– Инес? Агапита?
Из кухни раздался голос:
– Это ты?
– Разумеется, я, кто же еще?
– Зависит от того, кто это «я»? Если это не ты, значит, кто-то другой.
– Это я, Дионисио, – сказал он. – Еду повидаться с родителями.
Из кухни, застенчиво улыбаясь и вытирая руки, появилась Агапита.
– Я сразу поняла, что это ты, – сказала она. – Просто не могла бросить лепешки, сгорят.
– Ты так похорошела, что просто разбиваешь мне сердце! – воскликнул Дионисио. – А как Инес?
Польщенная, Агапита рассмеялась, но при имени сестры по ее лицу пробежала тень:
– Она такую глупость сотворила! Пойдем, посмотришь.
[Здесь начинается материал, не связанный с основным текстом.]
lemma square_integrable_mult_integrable:
  assumes "square_integrable M f" "square_integrable M g"
  shows "integrable M (\<lambda>x. f x * g x)"
proof (rule Bochner_Integration.integrable_bound)
  show "integrable M (\<lambda>x. (f x)\<^sup>2 + (g x)\<^sup>2)"
    using assms by (simp add: square_integrable_def)
  have "norm (f x * g x) \<le> norm ((f x)\<^sup>2 + (g x)\<^sup>2)" for x
    using abs_mult_le_sum_squares[of "f x" "g x"] by simp
  then show "AE x in M. norm (f x * g x) \<le> norm ((f x)\<^sup>2 + (g x)\<^sup>2)"
    by simp
qed (use assms in measurable)

lemma square_integrable_add:
  assumes "square_integrable M f" "square_integrable M g"
  shows "square_integrable M (\<lambda>x. f x + g x)"
proof -
  have "integrable M (\<lambda>x. (f x + g x)\<^sup>2)"
  proof (rule Bochner_Integration.integrable_bound)
    show "integrable M (\<lambda>x. 2 * (f x)\<^sup>2 + 2 * (g x)\<^sup>2)"
      using assms by (simp add: square_integrable_def)
    have "norm ((f x + g x)\<^sup>2) \<le> norm (2 * (f x)\<^sup>2 + 2 * (g x)\<^sup>2)" for x
      using power2_sum_le[of "f x" "g x"] by simp
    then show "AE x in M. norm ((f x + g x)\<^sup>2) \<le> norm (2 * (f x)\<^sup>2 + 2 * (g x)\<^sup>2)"
      by simp
  qed (use assms in measurable)
  moreover have "(\<lambda>x. f x + g x) \<in> borel_measurable M"
    using assms by measurable
  ultimately show ?thesis
    by (simp add: square_integrable_def)
qed

lemma square_integrable_cmult:
  assumes "square_integrable M f"
  shows "square_integrable M (\<lambda>x. c * f x)"
proof -
  have "(\<lambda>x. c * f x) \<in> borel_measurable M"
    using assms by measurable
  with assms show ?thesis
    by (simp add: square_integrable_def power_mult_distrib)
qed

lemma square_integrable_diff:
  assumes "square_integrable M f" "square_integrable M g"
  shows "square_integrable M (\<lambda>x. f x - g x)"
  using square_integrable_add[OF assms(1) square_integrable_cmult[OF assms(2), of "-1"]] by simp

lemma square_integrable_bounded_mult:
  assumes f: "square_integrable M f" and g: "g \<in> borel_measurable M" "AE x in M. \<bar>g x\<bar> \<le> K"
  shows "square_integrable M (\<lambda>x. g x * f x)"
proof -
  have "integrable M (\<lambda>x. (g x * f x)\<^sup>2)"
  proof (rule Bochner_Integration.integrable_bound)
    show "integrable M (\<lambda>x. K\<^sup>2 * (f x)\<^sup>2)"
      using f by (simp add: square_integrable_def)
    show "AE x in M. norm ((g x * f x)\<^sup>2) \<le> norm (K\<^sup>2 * (f x)\<^sup>2)"
      using g(2)
    proof eventually_elim
      case (elim x)
      then have "(g x)\<^sup>2 \<le> K\<^sup>2"
        by (simp add: power2_le_iff_abs_le)
      then show ?case
        by (simp add: power_mult_distrib mult_right_mono)
    qed
  qed (use f g in measurable)
  moreover have "(\<lambda>x. g x * f x) \<in> borel_measurable M"
    using f g by measurable
  ultimately show ?thesis
    by (simp add: square_integrable_def)
qed

lemma square_integrable_divide:
  assumes f: "square_integrable M f" and q: "q \<in> borel_measurable M"
    and bound: "c > 0" "AE x in M. c \<le> \<bar>q x\<bar>"
  shows "square_integrable M (\<lambda>x. f x / q x)"
proof -
  have "AE x in M. \<bar>1 / q x\<bar> \<le> 1 / c"
    using bound(2) by eventually_elim (use bound(1) in \<open>simp add: frac_le\<close>)
  from square_integrable_bounded_mult[OF f _ this] show ?thesis
    using q by simp
qed

end

lemma square_integrable_zero: "square_integrable M (\<lambda>_. 0)"
  by (simp add: square_integrable_def)

lemma integrable_bounded_mult:
  fixes f w :: "'a \<Rightarrow> real"
  assumes f: "integrable M f" and w: "w \<in> borel_measurable M" "AE x in M. \<bar>w x\<bar> \<le> K"
  shows "integrable M (\<lambda>x. w x * f x)"
proof (rule Bochner_Integration.integrable_bound)
  show "integrable M (\<lambda>x. K * f x)"
    using f by simp
  show "AE x in M. norm (w x * f x) \<le> norm (K * f x)"
    using w(2) by eventually_elim (auto simp: abs_mult intro: mult_right_mono)
qed (use f w in measurable)

context prob_space
begin

lemma square_integrable_divide_overlap:
  assumes f: "square_integrable M f" and q: "q \<in> borel_measurable M" "c > 0" "AE x in M. c < q x \<and> q x < 1 - c"
  shows "square_integrable M (\<lambda>x. f x / q x)" "square_integrable M (\<lambda>x. f x / (1 - q x))"
proof -
  have "AE x in M. c \<le> \<bar>q x\<bar>"
    using q(3) by eventually_elim auto
  then show "square_integrable M (\<lambda>x. f x / q x)"
    by (rule square_integrable_divide[OF f q(1,2)])
  have "AE x in M. c \<le> \<bar>1 - q x\<bar>"
    using q(3) by eventually_elim auto
  then show "square_integrable M (\<lambda>x. f x / (1 - q x))"
    by (intro square_integrable_divide[OF f _ q(2)]) (use q(1) in measurable)
qed

lemma square_integrable_psistar:
  assumes m: "square_integrable M m1" "square_integrable M m0" and Y: "square_integrable M Y"
    and D: "D \<in> borel_measurable M" "AE x in M. \<bar>D x\<bar> \<le> 1"
    and q: "q \<in> borel_measurable M" "c > 0" "AE x in M. c < q x \<and> q x < 1 - c"
  shows "square_integrable M (\<lambda>x. psistar (q x) (m1 x) (m0 x) (D x) (Y x))"
proof -
  have [measurable]: "D \<in> borel_measurable M" "q \<in> borel_measurable M"
    using D q by simp_all
  have "AE x in M. \<bar>1 - D x\<bar> \<le> 2"
    using D(2) by eventually_elim simp
  then have "square_integrable M (\<lambda>x. D x * (Y x - m1 x))" "square_integrable M (\<lambda>x. (1 - D x) * (Y x - m0 x))"
    using m Y D by (auto intro!: square_integrable_bounded_mult square_integrable_diff)
  then have "square_integrable M (\<lambda>x. D x * (Y x - m1 x) / q x - (1 - D x) * (Y x - m0 x) / (1 - q x)
      + m1 x - m0 x)"
    using m by (intro square_integrable_add square_integrable_diff square_integrable_divide_overlap[OF _ q])
  then show ?thesis
    by (simp add: psistar_def)
qed

lemma square_integrable_Yobs:
  assumes D: "D \<in> borel_measurable M" "AE x in M. \<bar>D x\<bar> \<le> 1"
    and Y: "square_integrable M Y1" "square_integrable M Y0"
  shows "square_integrable M (Yobs D Y1 Y0)"
proof -
  have "AE x in M. \<bar>1 - D x\<bar> \<le> 2"
    using D(2) by eventually_elim simp
  then have "square_integrable M (\<lambda>x. D x * Y1 x + (1 - D x) * Y0 x)"
    using D Y by (intro square_integrable_add square_integrable_bounded_mult) simp_all
  then show ?thesis
    unfolding Yobs_def .
qed

end

section \<open>Sub-\<open>\<sigma>\<close>-algebras generated by random elements\<close>

lemma subalgebra_refl: "subalgebra M M"
  by (simp add: subalgebra_def)

lemma subalgebra_vimage_algebra:
  "W \<in> borel_measurable M \<Longrightarrow> subalgebra M (vimage_algebra (space M) W borel)"
  unfolding subalgebra_def by (simp add: sets_image_in_sets)

lemma subalgebra_vimage_algebra_comp:
  assumes "\<phi> \<in> borel_measurable borel" "\<And>x. x \<in> \<Omega> \<Longrightarrow> Z x = \<phi> (W x)"
  shows "subalgebra (vimage_algebra \<Omega> W borel) (vimage_algebra \<Omega> Z borel)"
proof -
  have "(\<lambda>x. \<phi> (W x)) \<in> borel_measurable (vimage_algebra \<Omega> W borel)"
    using measurable_vimage_algebra1[of W \<Omega> borel] assms(1) by measurable
  then have "Z \<in> borel_measurable (vimage_algebra \<Omega> W borel)"
    by (rule measurable_cong[THEN iffD1, rotated]) (simp add: assms(2))
  then show ?thesis
    unfolding subalgebra_def by (simp add: sets_image_in_sets)
qed

lemma vimage_algebra_eqI:
  assumes "subalgebra (vimage_algebra \<Omega> W borel) (vimage_algebra \<Omega> Z borel)"
    and "subalgebra (vimage_algebra \<Omega> Z borel) (vimage_algebra \<Omega> W borel)"
  shows "vimage_algebra \<Omega> W borel = vimage_algebra \<Omega> Z borel"
  using assms by (intro measure_eqI) (auto simp: subalgebra_def vimage_algebra_def emeasure_sigma)

abbreviation sigma_gen :: "'a measure \<Rightarrow> ('a \<Rightarrow> 'b::topological_space) \<Rightarrow> 'a measure" where
  "sigma_gen M W \<equiv> vimage_algebra (space M) W borel"

lemma borel_measurable_condE [measurable]: "condE M W f \<in> borel_measurable M"
  by (simp add: condE_def)

lemma borel_measurable_subvec [measurable]: "subvec idx \<in> borel_measurable borel"
  unfolding subvec_def by (intro borel_measurable_continuous_onI continuous_intros)

lemma borel_measurable_matrix_vector_mult [measurable]:
  fixes A :: "real^'n::finite^'m::finite"
  shows "(\<lambda>x. A *v x) \<in> borel_measurable borel"
  by (intro borel_measurable_continuous_onI continuous_intros)

locale prob_space_subalgebra = prob_space M + sigma_finite_subalgebra M F for M F :: "'a measure"

lemma (in prob_space) prob_space_subalgebraI:
  "subalgebra M F \<Longrightarrow> prob_space_subalgebra M F"
  by (intro prob_space_subalgebra.intro prob_space_axioms finite_measure_subalgebra_is_sigma_finite
      finite_measure_subalgebra.intro finite_measure_axioms finite_measure_subalgebra_axioms.intro)

section \<open>Conditional expectations\<close>

lemma (in sigma_finite_subalgebra) real_cond_exp_nested_cong:
  assumes "subalgebra M H" "subalgebra H F" "integrable M f"
    and "AE x in M. real_cond_exp M H f x = g x" "g \<in> borel_measurable M"
  shows "AE x in M. real_cond_exp M F f x = real_cond_exp M F g x"
proof -
  have "AE x in M. real_cond_exp M F f x = real_cond_exp M F (real_cond_exp M H f) x"
    using real_cond_exp_nested_subalg[OF assms(1-3)] by (auto elim: eventually_mono)
  moreover have "AE x in M. real_cond_exp M F (real_cond_exp M H f) x = real_cond_exp M F g x"
    using assms(4,5) by (intro real_cond_exp_cong) simp_all
  ultimately show ?thesis
    by eventually_elim simp
qed

lemma (in prob_space) integral_mult_comp_eq_0:
  fixes w :: "'a \<Rightarrow> real" and U :: "'a \<Rightarrow> 'b"
  assumes w: "w \<in> borel_measurable M" "AE x in M. \<bar>w x\<bar> \<le> K"
    and U: "U \<in> measurable M N"
    and indicators: "\<And>A. A \<in> sets N \<Longrightarrow> (\<integral>x. w x * indicator A (U x) \<partial>M) = 0"
    and h: "integrable (distr M N U) h"
  shows "(\<integral>x. w x * h (U x) \<partial>M) = 0"
  using h
proof (induct rule: integrable_induct)
  case (base A c)
  then have "A \<in> sets N" by simp
  then show ?case
    using indicators[of A] by (simp add: mult.assoc[symmetric])
next
  case (add f g)
  have "f \<in> borel_measurable N" "g \<in> borel_measurable N"
    using add by (auto dest: borel_measurable_integrable)
  then have "integrable M (\<lambda>x. f (U x))" "integrable M (\<lambda>x. g (U x))"
    using add(1,3) integrable_distr_eq[OF U] by blast+
  then have "integrable M (\<lambda>x. w x * f (U x))" "integrable M (\<lambda>x. w x * g (U x))"
    by (auto intro: integrable_bounded_mult[OF _ w])
  then show ?case
    using add by (simp add: distrib_left)
next
  case (lim f s)
  have [measurable]: "f \<in> borel_measurable N" "\<And>i. s i \<in> borel_measurable N"
    using lim by (auto dest: borel_measurable_integrable)
  have "(\<lambda>i. \<integral>x. w x * s i (U x) \<partial>M) \<longlonglongrightarrow> (\<integral>x. w x * f (U x) \<partial>M)"
  proof (rule integral_dominated_convergence[where w="\<lambda>x. K * (2 * \<bar>f (U x)\<bar>)"])
    show "integrable M (\<lambda>x. K * (2 * \<bar>f (U x)\<bar>))"
      using lim by (simp add: integrable_distr_eq[OF U])
    show "AE x in M. (\<lambda>i. w x * s i (U x)) \<longlonglongrightarrow> w x * f (U x)"
      using lim(3) U by (auto intro!: AE_I2 tendsto_mult_left simp: measurable_space)
    show "AE x in M. norm (w x * s i (U x)) \<le> K * (2 * \<bar>f (U x)\<bar>)" for i
      using w(2) AE_space
    proof eventually_elim
      case (elim x)
      then have "\<bar>s i (U x)\<bar> \<le> 2 * \<bar>f (U x)\<bar>"
        using lim(4)[of "U x" i] U by (simp add: measurable_space)
      with elim show ?case
        by (simp add: abs_mult mult_mono')
    qed
  qed (use w U in measurable)
  then show ?case
    using lim(2) by (simp add: LIMSEQ_const_iff)
qed

context prob_space_subalgebra
begin

lemma square_integrable_real_cond_exp:
  assumes f: "square_integrable M f"
  shows "square_integrable M (real_cond_exp M F f)"
proof -
  have [measurable]: "f \<in> borel_measurable M"
    using f by (rule square_integrable_measurable)
  have "integrable M (\<lambda>x. (real_cond_exp M F f x)\<^sup>2)"
  proof (rule integrable_convex_cond_exp[where I=UNIV and q=power2])
    show "integrable M f" "integrable M (\<lambda>x. (f x)\<^sup>2)"
      using f by (simp_all add: square_integrable_integrable square_integrable_def)
  qed (simp_all add: convex_power2)
  then show ?thesis by (simp add: square_integrable_def)
qed

lemma real_cond_exp_abs_le:
  assumes "integrable M f" "AE x in M. \<bar>f x\<bar> \<le> K"
  shows "AE x in M. \<bar>real_cond_exp M F f x\<bar> \<le> K"
proof -
  have "AE x in M. real_cond_exp M F f x \<le> K"
    by (rule real_cond_exp_le_c[OF assms(1)]) (use assms(2) in \<open>auto elim: eventually_mono\<close>)
  moreover have "AE x in M. - K \<le> real_cond_exp M F f x"
    by (rule real_cond_exp_ge_c[OF assms(1)]) (use assms(2) in \<open>auto elim: eventually_mono\<close>)
  ultimately show ?thesis by eventually_elim auto
qed

lemma real_cond_exp_const:
  "AE x in M. real_cond_exp M F (\<lambda>_. a) x = a"
  by (intro real_cond_exp_F_meas) simp_all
За домом Инес прилаживала к ветровому стеклу перья попугая. Увидев Дионисио и Агапиту, она всхлипнула, стыдливо прикрыла лицо рукой и бросилась прочь, но тут же споткнулась о камень и растянулась на земле. Дионисио взял ее подмышки и поднял, но она все отворачивалась, закрываясь рукой. Дионисио поймал ее запястье и отвел руку.
– Ну-ка, посмотри на меня, – сказал он.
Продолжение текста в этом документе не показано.